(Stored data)

lemma mvmult_mstar_le:
  fixes M :: "'n::finite \<Rightarrow> 'n \<Rightarrow> 'a::lin_idem_semifield"
  assumes "spec_rad M \<le> 1"
  shows "mvmult M (mvmult (mstar M) u) \<le> mvmult (mstar M) u"
  unfolding mvmult_le_iff
proof (intro allI)
  fix r c
  have "M r c * mvmult (mstar M) u c = (\<Sum>j\<in>UNIV. (M r c * mstar M c j) * u j)"
    by (simp add: mvmult_def sum_distrib_left mult.assoc)
  also have "\<dots> \<le> (\<Sum>j\<in>UNIV. mstar M r j * u j)"
    by (intro sum_mono mult_right_mono mult_mstar_le_mstar assms zero_least)
  finally show "M r c * mvmult (mstar M) u c \<le> mvmult (mstar M) u r"
    by (simp add: mvmult_def)
qed

lemma mident_mult: "mident i j * a = (if i = j then a else 0)"
  by (simp add: mident_def)

lemma mvmult_mident: "mvmult mident x = (x :: 'n::finite \<Rightarrow> 'a::lin_idem_semifield)"
  by (simp add: fun_eq_iff mvmult_def mident_mult)

lemma mpow_1: "mpow M (Suc 0) = M"
  by (simp add: fun_eq_iff mmult_def mident_mult)

lemma mvmult_mmult: "mvmult (mmult A B) x = mvmult A (mvmult B x)"
proof
  fix i
  have "mvmult (mmult A B) x i = (\<Sum>j\<in>UNIV. \<Sum>l\<in>UNIV. A i l * (B l j * x j))"
    by (simp add: mvmult_def mmult_def sum_distrib_right mult.assoc)
  also have "\<dots> = (\<Sum>l\<in>UNIV. \<Sum>j\<in>UNIV. A i l * (B l j * x j))"
    by (rule sum.swap)
  finally show "mvmult (mmult A B) x i = mvmult A (mvmult B x) i"
    by (simp add: mvmult_def sum_distrib_left)
qed

lemma mvmult_mono:
  fixes M :: "'n::finite \<Rightarrow> 'n \<Rightarrow> 'a::lin_idem_semifield"
  shows "x \<le> y \<Longrightarrow> mvmult M x \<le> mvmult M y"
  by (simp add: le_fun_def mvmult_def sum_mono mult_left_mono zero_least)

lemma mvmult_mstar:
  fixes M :: "'n::finite \<Rightarrow> 'n \<Rightarrow> 'a::lin_idem_semifield"
  shows "mvmult (mstar M) x i = (\<Sum>k<card (UNIV :: 'n set). mvmult (mpow M k) x i)"
  unfolding mvmult_def mstar_def sum_distrib_right by (rule sum.swap)
primrec tr_state :: "('ap, 'ag::enum) atl_state \<Rightarrow> ('ap, 'ag, 'ag, 'ag obs_sym) sl"
and tr_path :: "('ap, 'ag::enum) atl_path \<Rightarrow> ('ap, 'ag, 'ag, 'ag obs_sym) sl" where
  "tr_state (SP p) = SLProp p"
| "tr_state (SNeg \<phi>) = SLNot (tr_state \<phi>)"
| "tr_state (SDisj \<phi> \<psi>) = SLOr (tr_state \<phi>) (tr_state \<psi>)"
| "tr_state (Coal A \<psi>) = coal_prefix A (tr_path \<psi>)"
| "tr_path (PState \<phi>) = tr_state \<phi>"
| "tr_path (PNeg \<psi>) = SLNot (tr_path \<psi>)"
| "tr_path (PDisj \<psi> \<chi>) = SLOr (tr_path \<psi>) (tr_path \<chi>)"
| "tr_path (PX \<psi>) = SLX (tr_path \<psi>)"
| "tr_path (PU \<psi> \<chi>) = SLU (tr_path \<psi>) (tr_path \<chi>)"

end

theory Submission
  imports Defs
begin

text \<open>Once all agents are bound, an SL formula is evaluated along the unique outcome of
  the binding, so a path formula at position \<open>i\<close> of a play \<open>\<pi>\<close> corresponds to its
  translation at a history \<open>h\<close> whenever \<open>\<pi>\<close> continues from \<open>i\<close> as the outcome of the
  binding from \<open>h\<close>. With this invariant the translation is compositional, and the only
  real case is the strategy quantifier: the ATL outcomes of a uniform coalition strategy
  \<open>\<sigma>\<close> are exactly the outcomes of the complete profiles that extend \<open>\<sigma>\<close> by arbitrary
  strategies of the other agents, and these are what \<open>\<forall>\<^sup>o\<^sup>p\<close> ranges over, since uniformity
  with respect to the identity is no restriction.\<close>

lemma ext_hist_length [simp]: "length (ext_hist G \<beta> h k) = length h + k"
  by (induction k) (auto simp: Let_def)

lemma ext_hist_add: "ext_hist G \<beta> h (k + m) = ext_hist G \<beta> (ext_hist G \<beta> h k) m"
  by (induction m) (auto simp: Let_def)

lemma take_ext_hist: "take (length h + k) (ext_hist G \<beta> h (k + m)) = ext_hist G \<beta> h k"
  by (induction m) (auto simp: Let_def)

lemma ext_hist_nth_mono:
  assumes "j < length h + k" and "k \<le> m"
  shows "ext_hist G \<beta> h m ! j = ext_hist G \<beta> h k ! j"
proof -
  have "ext_hist G \<beta> h m ! j = take (length h + k) (ext_hist G \<beta> h (k + (m - k))) ! j"
    using assms by (simp add: nth_take)
  then show ?thesis
    by (simp only: take_ext_hist)
qed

▶ ASSIGNMENT
Your response should hold only an exact copy of the lines above, from the one containing "< length h +" through the end of the entries.

▶ RESULT
  assumes "j < length h + k" and "k \<le> m"
  shows "ext_hist G \<beta> h m ! j = ext_hist G \<beta> h k ! j"
proof -
  have "ext_hist G \<beta> h m ! j = take (length h + k) (ext_hist G \<beta> h (k + (m - k))) ! j"
    using assms by (simp add: nth_take)
  then show ?thesis
    by (simp only: take_ext_hist)
qed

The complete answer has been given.